Today, this sentence is the most prominent example of many verbal tics that OpenAI’s models have exhibited when talking to people in Chinese. Another tic widely talked about on social media is how the model loves to say 砍一刀 (“Help me cut it once”), a maddeningly ubiquitous marketing slogan by PDD, a major Chinese ecommerce platform that also owns Temu.
The phenomenon where models latch onto a specific phrase and overuse them to the point that they feel forced is called “mode collapse,” says Max Spero, cofounder and CEO of Pangram, an AI writing detection tool. It’s usually caused by post-training where AI labs give LLMs feedback on their responses. “We don’t know how to say: ‘This is good writing, but if we do this good writing thing 10 times, then it’s no longer good writing,’” Spero says.
Becoming a Meme
The phrase “I will catch you steadily” comes up so often in ChatGPT’s responses that it has become a meme on the Chinese internet. One image depicts the chatbot as an inflatable rescue airbag, eagerly waiting to catch people as they fall.
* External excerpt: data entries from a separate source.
(* There is a constant $N>0$ such that for every discriminant $D\in\mathcal{O}_d$ with $|D|>N$ the following holds: if $\epsilon_D=\frac12(t_0+u_0\sqrt{D})$ is a fundamental solution of $t^2-u^2D=4$ and $\epsilon_D^{\,n+1}=\frac12(t_n+u_n\sqrt{D})$ with $t_n,u_n\in\mathcal{O}_d$, then $|t_n|<\frac49|u_n|^2$ for all $n\ge 2$.
   Context: $d\in\{1,2,3,7,11,19,43,67,163\}$ (so $k_d=\mathbb{Q}(\sqrt{-d})$ has class number one), $\mathcal{O}_d$ is the ring of integers of $k_d$. An element $D\in\mathcal{O}_d$ is a discriminant if $D$ is not a perfect square in $\mathcal{O}_d$ and $D\equiv x^2\pmod{4\mathcal{O}_d}$ for some $x\in\mathcal{O}_d$. The square root $\sqrt{D}$ is chosen with argument in $[0,\pi)$. For a solution $(t,u)\in\mathcal{O}_d^2$ of $t^2-u^2D=4$ set $\epsilon_{t,u}=\frac12(t+u\sqrt{D})$. A solution $(t_0,u_0)$ is fundamental if $|\epsilon_{t_0,u_0}|$ is the smallest value larger than $1$ among all $|\epsilon_{t,u}|$; then $\epsilon_D=\epsilon_{t_0,u_0}$. *)

theory Defs
  imports "HOL-Analysis.Analysis"
begin

text \<open>The admissible values of d (class number one imaginary quadratic fields).\<close>
definition class_one_d :: "nat set" where
  "class_one_d = {1, 2, 3, 7, 11, 19, 43, 67, 163}"

text \<open>The ring of integers of Q(sqrt(-d)), as a subset of the complex numbers
  (d squarefree positive): Z[sqrt(-d)] if d = 1,2 mod 4, Z[(1+sqrt(-d))/2] if d = 3 mod 4.\<close>
definition omega_d :: "nat \<Rightarrow> complex" where
  "omega_d d = (if d mod 4 = 3 then (1 + \<i> * complex_of_real (sqrt (real d))) / 2
                else \<i> * complex_of_real (sqrt (real d)))"

definition O_d :: "nat \<Rightarrow> complex set" where
  "O_d d = {of_int a + of_int b * omega_d d | a b. True}"

definition discriminant :: "nat \<Rightarrow> complex \<Rightarrow> bool" where
  "discriminant d D \<longleftrightarrow> D \<in> O_d d \<and> \<not> (\<exists>y\<in>O_d d. D = y ^ 2) \<and>
     (\<exists>x\<in>O_d d. \<exists>z\<in>O_d d. D - x ^ 2 = 4 * z)"

definition sqrtD :: "complex \<Rightarrow> complex" where
  "sqrtD D = (THE z. z ^ 2 = D \<and> 0 \<le> Arg z \<and> Arg z < pi)"

definition eps :: "complex \<Rightarrow> complex \<Rightarrow> complex \<Rightarrow> complex" where
  "eps D t u = (t + u * sqrtD D) / 2"

definition pell_sol :: "nat \<Rightarrow> complex \<Rightarrow> complex \<Rightarrow> complex \<Rightarrow> bool" where
  "pell_sol d D t u \<longleftrightarrow> t \<in> O_d d \<and> u \<in> O_d d \<and> t ^ 2 - u ^ 2 * D = 4"

definition fundamental_sol :: "nat \<Rightarrow> complex \<Rightarrow> complex \<Rightarrow> complex \<Rightarrow> bool" where
  "fundamental_sol d D t0 u0 \<longleftrightarrow> pell_sol d D t0 u0 \<and> norm (eps D t0 u0) > 1 \<and>
     (\<forall>t u. pell_sol d D t u \<and> norm (eps D t u) > 1 \<longrightarrow> norm (eps D t0 u0) \<le> norm (eps D t u))"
Zeng Fanyu, a 20-year-old developer from Chongqing, China, tells WIRED the meme inspired him to develop an April Fools’ project called Jiezhu, or “catch” in Chinese. Jiezhu is an open-source-prompt engineering tool that helps chatbots understand a user’s intention. “The idea for Jiezhu was so funny that I had a lot of motivation when I was developing it,” Zeng says. When he used ChatGPT to help with coding, the chatbot once again used the phrase jiezhu in its responses, completely unprompted.
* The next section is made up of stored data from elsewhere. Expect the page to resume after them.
(* Let $\mathcal{H}$ be a hypergraph on vertex set $V$ with $\textsc{VC-dim}(\mathcal{H})<k$. Then $|\mathrm{ext}_k(\mathcal{H})|=O(|V|^k)$.
   Context: A hypergraph $\mathcal{H}$ on $V$ is a family of subsets (hyperedges) of $V$. A $k$-trace on $V$ is a pair $(T,S)$ with $S\subseteq V$, $|S|=k$, $T\subseteq S$; a set $F\subseteq V$ realizes $(T,S)$ if $F\cap S=T$. $\mathrm{traces}_k(F)$ is the set of $k$-traces realized by $F$, and $\mathrm{traces}_k(\mathcal{H})=\bigcup_{F\in\mathcal{H}}\mathrm{traces}_k(F)$. The $k$-extension $\mathrm{ext}_k(\mathcal{H})$ is the hypergraph on $V$ whose hyperedges are all $E\subseteq V$ with $\mathrm{traces}_k(E)\subseteq\mathrm{traces}_k(\mathcal{H})$. A set $U$ is shattered by $\mathcal{H}$ if for each $U'\subseteq U$ some $F\in\mathcal{H}$ has $F\cap U=U'$; $\textsc{VC-dim}(\mathcal{H})$ is the largest size of a shattered set. *)

theory Defs
  imports Complex_Main
begin

definition traces :: "nat \<Rightarrow> 'a set \<Rightarrow> 'a set \<Rightarrow> ('a set \<times> 'a set) set" where
  "traces k V F = {(T, S). S \<subseteq> V \<and> card S = k \<and> T \<subseteq> S \<and> F \<inter> S = T}"

definition traces_hg :: "nat \<Rightarrow> 'a set \<Rightarrow> 'a set set \<Rightarrow> ('a set \<times> 'a set) set" where
  "traces_hg k V H = (\<Union>F\<in>H. traces k V F)"

definition ext :: "nat \<Rightarrow> 'a set \<Rightarrow> 'a set set \<Rightarrow> 'a set set" where
  "ext k V H = {E. E \<subseteq> V \<and> traces k V E \<subseteq> traces_hg k V H}"

definition shatters :: "'a set set \<Rightarrow> 'a set \<Rightarrow> bool" where
  "shatters H U \<longleftrightarrow> (\<forall>U'\<subseteq>U. \<exists>F\<in>H. F \<inter> U = U')"

definition vc_dim_less :: "'a set \<Rightarrow> 'a set set \<Rightarrow> nat \<Rightarrow> bool" where
  "vc_dim_less V H k \<longleftrightarrow> (\<forall>U\<subseteq>V. shatters H U \<longrightarrow> card U < k)"

end

theory Submission
  imports Defs
begin

text \<open>Every k-trace of a member of \<open>ext k V H\<close> is realised by \<open>H\<close>, so a k-set shattered by the
  extension is already shattered by \<open>H\<close>; hence \<open>ext k V H\<close> also has VC-dimension below k.
  By Pajor's lemma a family of subsets of V has at most as many members as it has shattered
  subsets of V, and there are at most \<open>\<Sum>i<k. n choose i \<le> k * n ^ k\<close> subsets of size below k.\<close>

lemma shatters_mono: "G \<subseteq> F \<Longrightarrow> shatters G U \<Longrightarrow> shatters F U"
  unfolding shatters_def by (meson subsetD)

lemma shatters_remove_point:
  assumes "x \<notin> U" and "shatters ((\<lambda>A. A - {x}) ` {A \<in> F. x \<in> A}) U"
  shows "shatters F U"
  unfolding shatters_def
proof (intro allI impI)
  fix U' assume "U' \<subseteq> U"
  then obtain B where B: "B \<in> (\<lambda>A. A - {x}) ` {A \<in> F. x \<in> A}" "B \<inter> U = U'"
    using assms(2) unfolding shatters_def by (meson subsetD)
  from B(1) obtain A where "A \<in> F" "B = A - {x}" by auto
  moreover have "(A - {x}) \<inter> U = A \<inter> U" using \<open>x \<notin> U\<close> by auto
  ultimately show "\<exists>A\<in>F. A \<inter> U = U'" using B(2) by auto
qed

lemma shatters_insert_point:
  assumes "x \<notin> U"
    and avoiding: "shatters {A \<in> F. x \<notin> A} U"
    and containing: "shatters ((\<lambda>A. A - {x}) ` {A \<in> F. x \<in> A}) U"
  shows "shatters F (insert x U)"
  unfolding shatters_def
proof (intro allI impI)
  fix U' assume U': "U' \<subseteq> insert x U"
  show "\<exists>A\<in>F. A \<inter> insert x U = U'"
  proof (cases "x \<in> U'")
    case True
    have "U' - {x} \<subseteq> U" using U' by auto
    then obtain B where B: "B \<in> (\<lambda>A. A - {x}) ` {A \<in> F. x \<in> A}" "B \<inter> U = U' - {x}"
      using containing unfolding shatters_def by (meson subsetD)
    from B(1) obtain A where "A \<in> F" "x \<in> A" "B = A - {x}" by auto
    moreover from this have "A \<inter> insert x U = U'" using B(2) True \<open>x \<notin> U\<close> by auto
    ultimately show ?thesis by auto
  next
    case False
    then have "U' \<subseteq> U" using U' by auto
    then obtain A where A: "A \<in> {A \<in> F. x \<notin> A}" "A \<inter> U = U'"
      using avoiding unfolding shatters_def by (meson subsetD)
    then have "A \<inter> insert x U = U'" by auto
    with A(1) show ?thesis by auto
  qed
qed

text \<open>Pajor's lemma, by the standard split of \<open>F\<close> along a vertex \<open>x\<close>: sets shattered by either
  half are shattered by \<open>F\<close>, and sets shattered by both stay shattered after adding \<open>x\<close>.\<close>
lemma card_le_card_shattered:
  assumes "finite V" and "F \<subseteq> Pow V"
  shows "card F \<le> card {U \<in> Pow V. shatters F U}"
  using assms
proof (induction V arbitrary: F rule: finite_induct)
  case empty
  then consider "F = {}" | "F = {{}}" by auto
  then show ?case
  proof cases
    case 2
    then have "{U \<in> Pow {}. shatters F U} = {{}}" by (auto simp: shatters_def)
    then show ?thesis using 2 by simp
  qed simp
next
  case (insert x V)
  define F0 where "F0 = {A \<in> F. x \<notin> A}"
  define F1 where "F1 = (\<lambda>A. A - {x}) ` {A \<in> F. x \<in> A}"
  define S0 where "S0 = {U \<in> Pow V. shatters F0 U}"
  define S1 where "S1 = {U \<in> Pow V. shatters F1 U}"
  have "finite F" using insert.prems insert.hyps(1) finite_subset by blast
  have fin_S: "finite S0" "finite S1" using insert.hyps(1) by (simp_all add: S0_def S1_def)
  have "inj_on (\<lambda>A. A - {x}) {A \<in> F. x \<in> A}"
    by (rule inj_onI) (metis insert_Diff mem_Collect_eq)
  then have "card F1 = card {A \<in> F. x \<in> A}" by (simp add: F1_def card_image)
  moreover have "card F = card F0 + card {A \<in> F. x \<in> A}"
  proof -
    have "F = F0 \<union> {A \<in> F. x \<in> A}" "F0 \<inter> {A \<in> F. x \<in> A} = {}" by (auto simp: F0_def)
    then show ?thesis using \<open>finite F\<close> by (metis card_Un_disjoint finite_Un)
  qed
  ultimately have "card F = card F0 + card F1" by simp
  also have "\<dots> \<le> card S0 + card S1"
  proof -
    have "F0 \<subseteq> Pow V" "F1 \<subseteq> Pow V" using insert.prems by (auto simp: F0_def F1_def)
    then show ?thesis unfolding S0_def S1_def by (intro add_mono insert.IH)
  qed
  also have "\<dots> = card (S0 \<union> S1) + card (insert x ` (S0 \<inter> S1))"
  proof -
    have "inj_on (insert x) (S0 \<inter> S1)"
      using insert.hyps(2) by (intro inj_onI) (auto simp: S0_def insert_ident)
    then show ?thesis using card_Un_Int[OF fin_S] by (simp add: card_image)
  qed
  also have "\<dots> = card (S0 \<union> S1 \<union> insert x ` (S0 \<inter> S1))"
    using fin_S insert.hyps(2) by (intro card_Un_disjoint [symmetric]) (auto simp: S0_def S1_def)
  also have "\<dots> \<le> card {U \<in> Pow (insert x V). shatters F U}"
  proof (rule card_mono)
    show "finite {U \<in> Pow (insert x V). shatters F U}" using insert.hyps(1) by simp
    have x_notin: "x \<notin> U" if "U \<in> S0 \<union> S1" for U
      using that insert.hyps(2) by (auto simp: S0_def S1_def)
    have "shatters F U" if "U \<in> S0" for U
      using that shatters_mono[of F0 F U] by (auto simp: S0_def F0_def)
    moreover have "shatters F U" if "U \<in> S1" for U
      using that x_notin[of U] shatters_remove_point[of x U F] by (simp add: S1_def F1_def)
    moreover have "shatters F (insert x U)" if "U \<in> S0 \<inter> S1" for U
      using that x_notin[of U] shatters_insert_point[of x U F] by (simp add: S0_def S1_def F0_def F1_def)
    ultimately show "S0 \<union> S1 \<union> insert x ` (S0 \<inter> S1) \<subseteq> {U \<in> Pow (insert x V). shatters F U}"
      unfolding S0_def S1_def by blast
  qed
  finally show ?case .
qed

lemma vc_dim_less_ext:
  assumes "vc_dim_less V H k"
  shows "vc_dim_less V (ext k V H) k"
  unfolding vc_dim_less_def
proof (intro allI impI, rule ccontr)
  fix U assume U: "U \<subseteq> V" "shatters (ext k V H) U" "\<not> card U < k"
  then obtain S where S: "S \<subseteq> U" "card S = k"
    by (meson not_less obtain_subset_with_card_n)
  have "shatters H S" unfolding shatters_def
  proof (intro allI impI)
    fix S' assume "S' \<subseteq> S"
    then obtain E where E: "E \<in> ext k V H" "E \<inter> U = S'"
      using U(2) S(1) unfolding shatters_def by (meson order_trans)
    then have "(S', S) \<in> traces k V E"
      using S U(1) \<open>S' \<subseteq> S\<close> unfolding traces_def by auto
    then have "(S', S) \<in> traces_hg k V H" using E(1) unfolding ext_def by auto
    then show "\<exists>F\<in>H. F \<inter> S = S'" unfolding traces_hg_def traces_def by auto
  qed
  then show False using assms S U(1) unfolding vc_dim_less_def by auto
qed

lemma card_subsets_card_less_le:
  assumes "finite V" and "V \<noteq> {}"
  shows "card {U \<in> Pow V. card U < k} \<le> k * card V ^ k"
proof -
  let ?n = "card V"
  have "?n \<ge> 1" using assms by (simp add: Suc_leI card_gt_0_iff)
  have small: "{U \<in> Pow V. card U < k} = (\<Union>i<k. {U. U \<subseteq> V \<and> card U = i})" by auto
  have "card {U \<in> Pow V. card U < k} \<le> (\<Sum>i<k. card {U. U \<subseteq> V \<and> card U = i})"
    unfolding small by (rule card_UN_le) simp
  also have "\<dots> = (\<Sum>i<k. ?n choose i)" using n_subsets[OF assms(1)] by simp
  also have "\<dots> \<le> (\<Sum>i<k. ?n ^ k)"
  proof (rule sum_mono)
    fix i assume "i \<in> {..<k}"
    then have "?n ^ i \<le> ?n ^ k" using \<open>?n \<ge> 1\<close> by (intro power_increasing) auto
    then show "?n choose i \<le> ?n ^ k"
      using binomial_le_pow[of i ?n] by (cases "i \<le> ?n") (auto simp: binomial_eq_0)
  qed
  finally show ?thesis by simp
qed

theorem corollary2:
  fixes k :: nat
  shows "\<exists>C::real. \<forall>(V::'a set) H.
           finite V \<and> V \<noteq> {} \<and> (\<forall>F\<in>H. F \<subseteq> V) \<and> vc_dim_less V H k \<longrightarrow>
           real (card (ext k V H)) \<le> C * real (card V) ^ k"
proof (intro exI[of _ "real k"] allI impI)
  fix V :: "'a set" and H
  \<comment> \<open>\<open>H\<close> need not live on \<open>V\<close>: \<open>ext k V H\<close> consists of subsets of \<open>V\<close> anyway.\<close>
  assume "finite V \<and> V \<noteq> {} \<and> (\<forall>F\<in>H. F \<subseteq> V) \<and> vc_dim_less V H k"
  then have V: "finite V" "V \<noteq> {}" and vc: "vc_dim_less V (ext k V H) k"
    using vc_dim_less_ext by blast+
  have "ext k V H \<subseteq> Pow V" by (auto simp: ext_def)
  then have "card (ext k V H) \<le> card {U \<in> Pow V. shatters (ext k V H) U}"
    by (rule card_le_card_shattered[OF V(1)])
  also have "\<dots> \<le> card {U \<in> Pow V. card U < k}"
    using vc V(1) unfolding vc_dim_less_def by (intro card_mono) auto
  also have "\<dots> \<le> k * card V ^ k" using card_subsets_card_less_le[OF V] .
  finally have "card (ext k V H) \<le> k * card V ^ k" .
  then show "real (card (ext k V H)) \<le> real k * real (card V) ^ k"
    by (metis of_nat_le_iff of_nat_mult of_nat_power)
qed

end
OpenAI is aware of the meme. When releasing its new image model in April, one of the sample images shared by the company actually made fun of the phenomenon. In the picture, which resembles a comic book, Boyuan Chen, a Chinese researcher at OpenAI, depicts himself looking frustrated that the new image model has once again learned to say the same phrase. “This sentence has been memed as an unnatural but funny Chinese sentence GPT likes to use on Chinese internet,” his prompt reads.
OpenAI didn’t immediately respond to WIRED’s request for comment.
Is It a Bad Translation?
There are two likely explanations for why ChatGPT has become obsessed with the phrase “I will catch you steadily.” The first is that it could be the result of an awkward translation.
Several people I spoke with noted the phrase has a similar meaning to “I’ve got you,” which makes sense as a catch-all response in English. But while “I’ve got you” in English reads casual and concise; “I will catch you steadily” in Chinese sounds wordy and desperate. One user also looked through their chat history to show me that the model often says jiezhu, the Chinese word for “catch,” in places where it likely meant to say “understand,” pointing to a potential misunderstanding of what jiezhu means in specific contexts.